Work to be completed. Look for "lemma" in each line of the records, and copy the lines that have it.

◇ ◇ ◇ ◇ ◇

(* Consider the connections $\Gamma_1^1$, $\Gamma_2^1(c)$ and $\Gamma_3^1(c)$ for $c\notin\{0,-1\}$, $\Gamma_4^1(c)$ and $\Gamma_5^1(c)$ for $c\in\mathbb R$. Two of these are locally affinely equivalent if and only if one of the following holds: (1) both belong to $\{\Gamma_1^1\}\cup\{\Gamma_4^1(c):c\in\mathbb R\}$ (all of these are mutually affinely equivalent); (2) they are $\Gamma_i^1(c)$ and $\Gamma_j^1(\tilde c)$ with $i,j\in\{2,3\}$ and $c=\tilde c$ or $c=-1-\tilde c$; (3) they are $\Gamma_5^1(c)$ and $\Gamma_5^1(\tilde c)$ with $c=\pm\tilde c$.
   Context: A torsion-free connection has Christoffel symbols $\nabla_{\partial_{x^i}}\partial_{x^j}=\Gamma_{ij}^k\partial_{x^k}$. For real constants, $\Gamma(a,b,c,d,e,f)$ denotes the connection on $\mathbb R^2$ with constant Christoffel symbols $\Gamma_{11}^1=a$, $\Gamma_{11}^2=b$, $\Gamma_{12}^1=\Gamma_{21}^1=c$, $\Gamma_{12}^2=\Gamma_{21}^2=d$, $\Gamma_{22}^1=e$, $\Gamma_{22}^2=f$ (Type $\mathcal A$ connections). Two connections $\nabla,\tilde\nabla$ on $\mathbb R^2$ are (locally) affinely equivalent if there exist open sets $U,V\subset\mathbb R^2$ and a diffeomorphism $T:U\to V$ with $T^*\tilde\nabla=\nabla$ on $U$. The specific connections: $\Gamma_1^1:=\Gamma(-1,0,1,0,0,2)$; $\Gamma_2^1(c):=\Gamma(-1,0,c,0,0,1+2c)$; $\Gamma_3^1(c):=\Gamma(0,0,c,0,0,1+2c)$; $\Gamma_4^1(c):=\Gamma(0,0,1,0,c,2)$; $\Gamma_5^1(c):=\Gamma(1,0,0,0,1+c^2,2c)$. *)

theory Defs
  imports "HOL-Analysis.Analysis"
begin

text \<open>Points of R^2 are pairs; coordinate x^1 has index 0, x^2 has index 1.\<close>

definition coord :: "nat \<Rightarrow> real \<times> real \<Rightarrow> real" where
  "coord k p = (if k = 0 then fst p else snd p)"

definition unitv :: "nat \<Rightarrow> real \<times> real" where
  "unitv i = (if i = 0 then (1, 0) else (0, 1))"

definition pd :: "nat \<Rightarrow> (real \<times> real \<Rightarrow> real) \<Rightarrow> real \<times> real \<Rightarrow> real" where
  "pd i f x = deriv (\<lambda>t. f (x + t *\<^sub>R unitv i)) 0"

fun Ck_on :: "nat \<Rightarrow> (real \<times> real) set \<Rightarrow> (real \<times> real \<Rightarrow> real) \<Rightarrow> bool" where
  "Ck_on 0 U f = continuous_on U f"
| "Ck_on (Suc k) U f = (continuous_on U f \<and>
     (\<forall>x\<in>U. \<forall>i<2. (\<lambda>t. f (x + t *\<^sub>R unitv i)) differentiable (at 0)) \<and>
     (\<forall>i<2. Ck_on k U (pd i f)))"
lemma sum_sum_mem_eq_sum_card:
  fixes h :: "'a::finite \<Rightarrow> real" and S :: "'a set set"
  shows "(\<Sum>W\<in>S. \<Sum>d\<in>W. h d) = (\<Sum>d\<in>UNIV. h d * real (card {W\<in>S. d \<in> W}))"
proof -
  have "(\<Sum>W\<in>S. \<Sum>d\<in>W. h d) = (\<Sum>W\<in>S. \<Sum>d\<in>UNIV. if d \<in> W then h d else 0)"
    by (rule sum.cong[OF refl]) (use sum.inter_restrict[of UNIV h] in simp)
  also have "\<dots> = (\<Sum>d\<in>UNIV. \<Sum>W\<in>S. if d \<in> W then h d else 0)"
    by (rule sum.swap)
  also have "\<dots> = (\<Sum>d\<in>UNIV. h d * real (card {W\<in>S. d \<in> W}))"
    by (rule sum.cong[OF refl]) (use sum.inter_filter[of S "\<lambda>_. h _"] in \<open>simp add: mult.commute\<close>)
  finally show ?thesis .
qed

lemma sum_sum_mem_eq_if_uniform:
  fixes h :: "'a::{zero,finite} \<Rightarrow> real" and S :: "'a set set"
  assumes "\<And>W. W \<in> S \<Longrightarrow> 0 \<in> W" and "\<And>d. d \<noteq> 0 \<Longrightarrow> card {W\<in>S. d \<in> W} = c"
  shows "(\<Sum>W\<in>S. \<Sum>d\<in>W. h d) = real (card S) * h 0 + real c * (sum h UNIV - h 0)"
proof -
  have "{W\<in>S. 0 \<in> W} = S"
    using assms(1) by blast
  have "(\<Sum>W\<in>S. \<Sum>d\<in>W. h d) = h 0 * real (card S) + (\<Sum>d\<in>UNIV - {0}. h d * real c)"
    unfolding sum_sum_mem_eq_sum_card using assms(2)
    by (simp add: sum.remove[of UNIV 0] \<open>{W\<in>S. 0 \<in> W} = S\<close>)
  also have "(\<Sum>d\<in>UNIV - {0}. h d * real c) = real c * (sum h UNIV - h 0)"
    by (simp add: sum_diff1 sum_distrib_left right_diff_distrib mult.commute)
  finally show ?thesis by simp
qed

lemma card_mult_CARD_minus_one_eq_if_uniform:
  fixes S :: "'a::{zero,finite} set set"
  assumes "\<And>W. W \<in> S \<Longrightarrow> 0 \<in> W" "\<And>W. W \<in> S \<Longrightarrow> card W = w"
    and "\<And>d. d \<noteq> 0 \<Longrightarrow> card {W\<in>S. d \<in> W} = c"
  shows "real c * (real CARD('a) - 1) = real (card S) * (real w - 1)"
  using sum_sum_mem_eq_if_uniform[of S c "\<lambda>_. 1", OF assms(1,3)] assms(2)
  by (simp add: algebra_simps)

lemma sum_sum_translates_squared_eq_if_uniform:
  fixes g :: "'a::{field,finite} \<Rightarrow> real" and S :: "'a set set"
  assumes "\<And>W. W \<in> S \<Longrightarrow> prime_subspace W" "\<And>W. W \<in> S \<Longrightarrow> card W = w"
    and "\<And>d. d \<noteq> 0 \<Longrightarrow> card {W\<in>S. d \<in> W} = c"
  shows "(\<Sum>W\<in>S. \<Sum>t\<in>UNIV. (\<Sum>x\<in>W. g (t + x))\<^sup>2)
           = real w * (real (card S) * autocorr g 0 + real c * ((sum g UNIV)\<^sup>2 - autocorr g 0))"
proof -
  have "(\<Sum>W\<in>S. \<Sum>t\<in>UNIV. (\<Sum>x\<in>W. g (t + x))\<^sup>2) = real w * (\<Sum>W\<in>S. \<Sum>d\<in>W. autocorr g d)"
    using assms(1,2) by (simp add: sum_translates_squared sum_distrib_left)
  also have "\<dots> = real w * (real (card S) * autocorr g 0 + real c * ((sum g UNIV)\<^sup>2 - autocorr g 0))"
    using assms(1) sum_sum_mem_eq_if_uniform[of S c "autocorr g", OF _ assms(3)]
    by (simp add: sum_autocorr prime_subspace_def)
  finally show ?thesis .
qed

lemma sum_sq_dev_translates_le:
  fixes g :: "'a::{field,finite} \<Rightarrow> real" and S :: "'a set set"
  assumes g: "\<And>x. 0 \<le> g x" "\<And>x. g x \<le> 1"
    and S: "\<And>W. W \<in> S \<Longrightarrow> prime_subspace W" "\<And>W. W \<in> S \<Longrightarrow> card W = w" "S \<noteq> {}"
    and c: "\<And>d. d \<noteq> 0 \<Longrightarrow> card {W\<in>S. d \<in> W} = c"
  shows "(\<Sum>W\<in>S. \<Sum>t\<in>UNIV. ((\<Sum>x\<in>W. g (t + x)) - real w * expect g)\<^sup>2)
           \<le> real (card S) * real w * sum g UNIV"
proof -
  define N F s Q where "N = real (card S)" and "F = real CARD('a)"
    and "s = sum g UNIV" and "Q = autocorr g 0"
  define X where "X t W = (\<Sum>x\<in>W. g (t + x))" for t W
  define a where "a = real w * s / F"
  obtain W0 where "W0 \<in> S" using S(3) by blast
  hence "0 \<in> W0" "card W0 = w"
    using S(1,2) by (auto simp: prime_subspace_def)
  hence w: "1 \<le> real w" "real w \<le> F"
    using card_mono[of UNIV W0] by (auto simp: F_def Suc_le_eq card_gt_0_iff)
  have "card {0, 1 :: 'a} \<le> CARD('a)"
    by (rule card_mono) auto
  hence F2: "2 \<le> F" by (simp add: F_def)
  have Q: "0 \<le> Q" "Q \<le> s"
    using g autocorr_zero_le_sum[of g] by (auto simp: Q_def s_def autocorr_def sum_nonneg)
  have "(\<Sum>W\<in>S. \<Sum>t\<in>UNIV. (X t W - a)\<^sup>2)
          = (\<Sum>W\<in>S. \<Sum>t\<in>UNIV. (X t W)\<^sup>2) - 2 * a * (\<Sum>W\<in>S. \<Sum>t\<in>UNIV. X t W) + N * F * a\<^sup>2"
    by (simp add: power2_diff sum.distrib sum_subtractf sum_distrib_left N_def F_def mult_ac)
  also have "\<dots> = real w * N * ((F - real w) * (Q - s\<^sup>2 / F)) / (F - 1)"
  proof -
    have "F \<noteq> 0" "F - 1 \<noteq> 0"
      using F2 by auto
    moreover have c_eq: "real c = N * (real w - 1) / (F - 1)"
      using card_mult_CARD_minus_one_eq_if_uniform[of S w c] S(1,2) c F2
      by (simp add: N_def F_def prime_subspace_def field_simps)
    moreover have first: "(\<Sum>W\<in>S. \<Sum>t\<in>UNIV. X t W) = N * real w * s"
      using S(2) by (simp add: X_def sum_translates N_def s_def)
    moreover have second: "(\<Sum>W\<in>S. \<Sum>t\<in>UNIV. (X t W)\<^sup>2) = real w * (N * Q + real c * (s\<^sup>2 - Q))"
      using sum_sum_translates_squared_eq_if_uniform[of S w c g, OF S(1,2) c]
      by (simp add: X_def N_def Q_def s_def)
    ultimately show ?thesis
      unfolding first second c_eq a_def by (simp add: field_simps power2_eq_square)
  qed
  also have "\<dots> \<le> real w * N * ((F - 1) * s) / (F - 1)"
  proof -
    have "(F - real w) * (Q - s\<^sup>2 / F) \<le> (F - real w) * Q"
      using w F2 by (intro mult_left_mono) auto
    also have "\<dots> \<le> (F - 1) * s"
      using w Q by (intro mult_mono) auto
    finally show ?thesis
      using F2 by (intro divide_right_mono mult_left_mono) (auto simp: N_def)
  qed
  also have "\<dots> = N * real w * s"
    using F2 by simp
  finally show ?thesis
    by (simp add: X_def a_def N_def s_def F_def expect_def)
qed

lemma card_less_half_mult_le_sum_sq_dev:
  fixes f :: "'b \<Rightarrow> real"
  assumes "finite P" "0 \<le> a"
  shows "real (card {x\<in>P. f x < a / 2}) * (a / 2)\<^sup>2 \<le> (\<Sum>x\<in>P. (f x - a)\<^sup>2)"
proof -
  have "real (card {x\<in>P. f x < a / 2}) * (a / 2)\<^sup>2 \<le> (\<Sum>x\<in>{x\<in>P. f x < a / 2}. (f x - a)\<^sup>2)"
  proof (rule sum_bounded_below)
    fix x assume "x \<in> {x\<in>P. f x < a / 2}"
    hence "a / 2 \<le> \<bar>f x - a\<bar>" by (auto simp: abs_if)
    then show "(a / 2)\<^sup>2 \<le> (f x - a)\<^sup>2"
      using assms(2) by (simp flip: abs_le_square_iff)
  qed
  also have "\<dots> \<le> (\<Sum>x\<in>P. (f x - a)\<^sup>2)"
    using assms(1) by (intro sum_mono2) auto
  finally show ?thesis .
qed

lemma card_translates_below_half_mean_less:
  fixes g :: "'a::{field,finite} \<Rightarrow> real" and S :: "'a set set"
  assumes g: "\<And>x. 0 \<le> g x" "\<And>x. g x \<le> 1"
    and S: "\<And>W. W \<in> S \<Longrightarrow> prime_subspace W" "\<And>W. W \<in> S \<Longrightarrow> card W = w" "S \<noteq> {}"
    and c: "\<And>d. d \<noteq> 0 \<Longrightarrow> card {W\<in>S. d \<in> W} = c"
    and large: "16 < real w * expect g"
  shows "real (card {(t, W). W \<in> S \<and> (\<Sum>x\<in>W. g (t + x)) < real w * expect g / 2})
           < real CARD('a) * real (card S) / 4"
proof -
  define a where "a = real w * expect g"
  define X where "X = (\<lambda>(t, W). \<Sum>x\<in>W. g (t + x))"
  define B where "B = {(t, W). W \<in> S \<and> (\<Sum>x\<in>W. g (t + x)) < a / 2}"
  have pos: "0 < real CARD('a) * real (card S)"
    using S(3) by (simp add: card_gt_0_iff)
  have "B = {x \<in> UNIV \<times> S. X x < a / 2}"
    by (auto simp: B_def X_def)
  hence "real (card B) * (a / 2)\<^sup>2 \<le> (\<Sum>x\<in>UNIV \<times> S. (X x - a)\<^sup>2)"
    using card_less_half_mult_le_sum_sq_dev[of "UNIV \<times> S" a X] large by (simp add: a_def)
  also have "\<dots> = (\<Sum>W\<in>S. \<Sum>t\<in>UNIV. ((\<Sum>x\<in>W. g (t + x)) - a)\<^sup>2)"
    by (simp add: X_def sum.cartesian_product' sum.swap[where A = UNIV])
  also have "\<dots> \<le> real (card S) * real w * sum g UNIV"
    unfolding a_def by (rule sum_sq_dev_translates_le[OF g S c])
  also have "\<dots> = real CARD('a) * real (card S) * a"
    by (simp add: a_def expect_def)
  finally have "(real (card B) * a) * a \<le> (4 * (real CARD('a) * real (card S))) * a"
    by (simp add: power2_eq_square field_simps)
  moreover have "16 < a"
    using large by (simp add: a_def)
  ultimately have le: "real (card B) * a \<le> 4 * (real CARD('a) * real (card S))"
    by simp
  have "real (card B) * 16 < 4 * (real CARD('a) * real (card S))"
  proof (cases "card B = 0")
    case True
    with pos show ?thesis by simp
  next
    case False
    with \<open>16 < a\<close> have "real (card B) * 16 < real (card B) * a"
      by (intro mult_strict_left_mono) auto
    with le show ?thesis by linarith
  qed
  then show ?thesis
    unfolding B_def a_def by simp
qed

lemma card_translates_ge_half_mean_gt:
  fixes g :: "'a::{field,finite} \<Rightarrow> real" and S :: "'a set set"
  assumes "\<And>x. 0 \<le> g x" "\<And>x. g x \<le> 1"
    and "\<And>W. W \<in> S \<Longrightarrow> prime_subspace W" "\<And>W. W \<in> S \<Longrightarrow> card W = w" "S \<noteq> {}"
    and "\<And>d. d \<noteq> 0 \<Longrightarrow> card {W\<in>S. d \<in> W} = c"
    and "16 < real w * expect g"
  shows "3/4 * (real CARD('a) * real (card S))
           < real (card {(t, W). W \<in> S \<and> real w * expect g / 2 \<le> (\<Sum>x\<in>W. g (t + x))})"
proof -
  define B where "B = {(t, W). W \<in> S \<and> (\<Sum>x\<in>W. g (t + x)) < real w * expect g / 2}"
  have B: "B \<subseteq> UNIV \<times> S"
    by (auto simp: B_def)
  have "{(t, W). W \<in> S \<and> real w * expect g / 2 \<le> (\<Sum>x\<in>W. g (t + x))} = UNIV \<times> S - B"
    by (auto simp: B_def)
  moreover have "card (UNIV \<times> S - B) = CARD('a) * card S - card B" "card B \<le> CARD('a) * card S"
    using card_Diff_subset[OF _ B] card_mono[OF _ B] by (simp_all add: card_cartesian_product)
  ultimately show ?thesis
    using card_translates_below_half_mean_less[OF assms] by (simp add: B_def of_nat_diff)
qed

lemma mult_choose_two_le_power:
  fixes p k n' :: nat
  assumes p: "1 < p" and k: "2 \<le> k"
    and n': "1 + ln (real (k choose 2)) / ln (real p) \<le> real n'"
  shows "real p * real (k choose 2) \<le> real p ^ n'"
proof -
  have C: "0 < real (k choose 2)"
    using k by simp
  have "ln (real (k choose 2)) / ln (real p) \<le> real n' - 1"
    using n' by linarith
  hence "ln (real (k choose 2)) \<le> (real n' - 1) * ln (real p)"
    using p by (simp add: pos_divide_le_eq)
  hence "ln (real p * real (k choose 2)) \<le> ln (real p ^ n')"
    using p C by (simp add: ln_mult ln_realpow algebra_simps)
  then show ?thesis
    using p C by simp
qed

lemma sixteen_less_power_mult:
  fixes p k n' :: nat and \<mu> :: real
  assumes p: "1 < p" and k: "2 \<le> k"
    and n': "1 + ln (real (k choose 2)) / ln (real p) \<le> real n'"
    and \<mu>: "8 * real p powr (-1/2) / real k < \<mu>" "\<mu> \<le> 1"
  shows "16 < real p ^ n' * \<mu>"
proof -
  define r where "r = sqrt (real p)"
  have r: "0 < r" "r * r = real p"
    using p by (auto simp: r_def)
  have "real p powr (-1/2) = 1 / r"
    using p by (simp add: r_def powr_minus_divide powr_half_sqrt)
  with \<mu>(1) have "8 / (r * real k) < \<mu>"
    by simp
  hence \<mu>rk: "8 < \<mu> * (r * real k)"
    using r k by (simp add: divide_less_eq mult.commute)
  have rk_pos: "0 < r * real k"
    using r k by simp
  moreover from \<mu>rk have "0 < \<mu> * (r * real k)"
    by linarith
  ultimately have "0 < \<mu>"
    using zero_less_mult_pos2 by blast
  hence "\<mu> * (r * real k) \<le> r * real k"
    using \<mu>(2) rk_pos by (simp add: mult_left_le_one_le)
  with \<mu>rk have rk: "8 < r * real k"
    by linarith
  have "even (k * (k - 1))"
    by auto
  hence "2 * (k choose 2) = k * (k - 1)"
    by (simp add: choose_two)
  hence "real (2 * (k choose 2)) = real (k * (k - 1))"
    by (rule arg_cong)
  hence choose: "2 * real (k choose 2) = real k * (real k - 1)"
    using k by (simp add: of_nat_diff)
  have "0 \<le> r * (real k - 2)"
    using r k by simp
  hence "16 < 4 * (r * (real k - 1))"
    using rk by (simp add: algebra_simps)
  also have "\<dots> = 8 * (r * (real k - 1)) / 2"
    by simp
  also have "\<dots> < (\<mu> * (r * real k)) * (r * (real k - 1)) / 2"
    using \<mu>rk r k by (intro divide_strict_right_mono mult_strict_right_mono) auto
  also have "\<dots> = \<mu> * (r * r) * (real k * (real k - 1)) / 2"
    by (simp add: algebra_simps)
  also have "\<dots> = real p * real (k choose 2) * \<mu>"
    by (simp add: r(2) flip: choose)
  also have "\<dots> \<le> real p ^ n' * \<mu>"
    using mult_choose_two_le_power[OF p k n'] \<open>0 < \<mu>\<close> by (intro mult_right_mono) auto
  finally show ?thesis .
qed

◇ ◇ ◇ ◇ ◇

Your solution.
lemma sum_sum_mem_eq_sum_card:
lemma sum_sum_mem_eq_if_uniform:
lemma card_mult_CARD_minus_one_eq_if_uniform:
lemma sum_sum_translates_squared_eq_if_uniform:
lemma sum_sq_dev_translates_le:
lemma card_less_half_mult_le_sum_sq_dev:
lemma card_translates_below_half_mean_less:
lemma card_translates_ge_half_mean_gt:
lemma mult_choose_two_le_power:
lemma sixteen_less_power_mult:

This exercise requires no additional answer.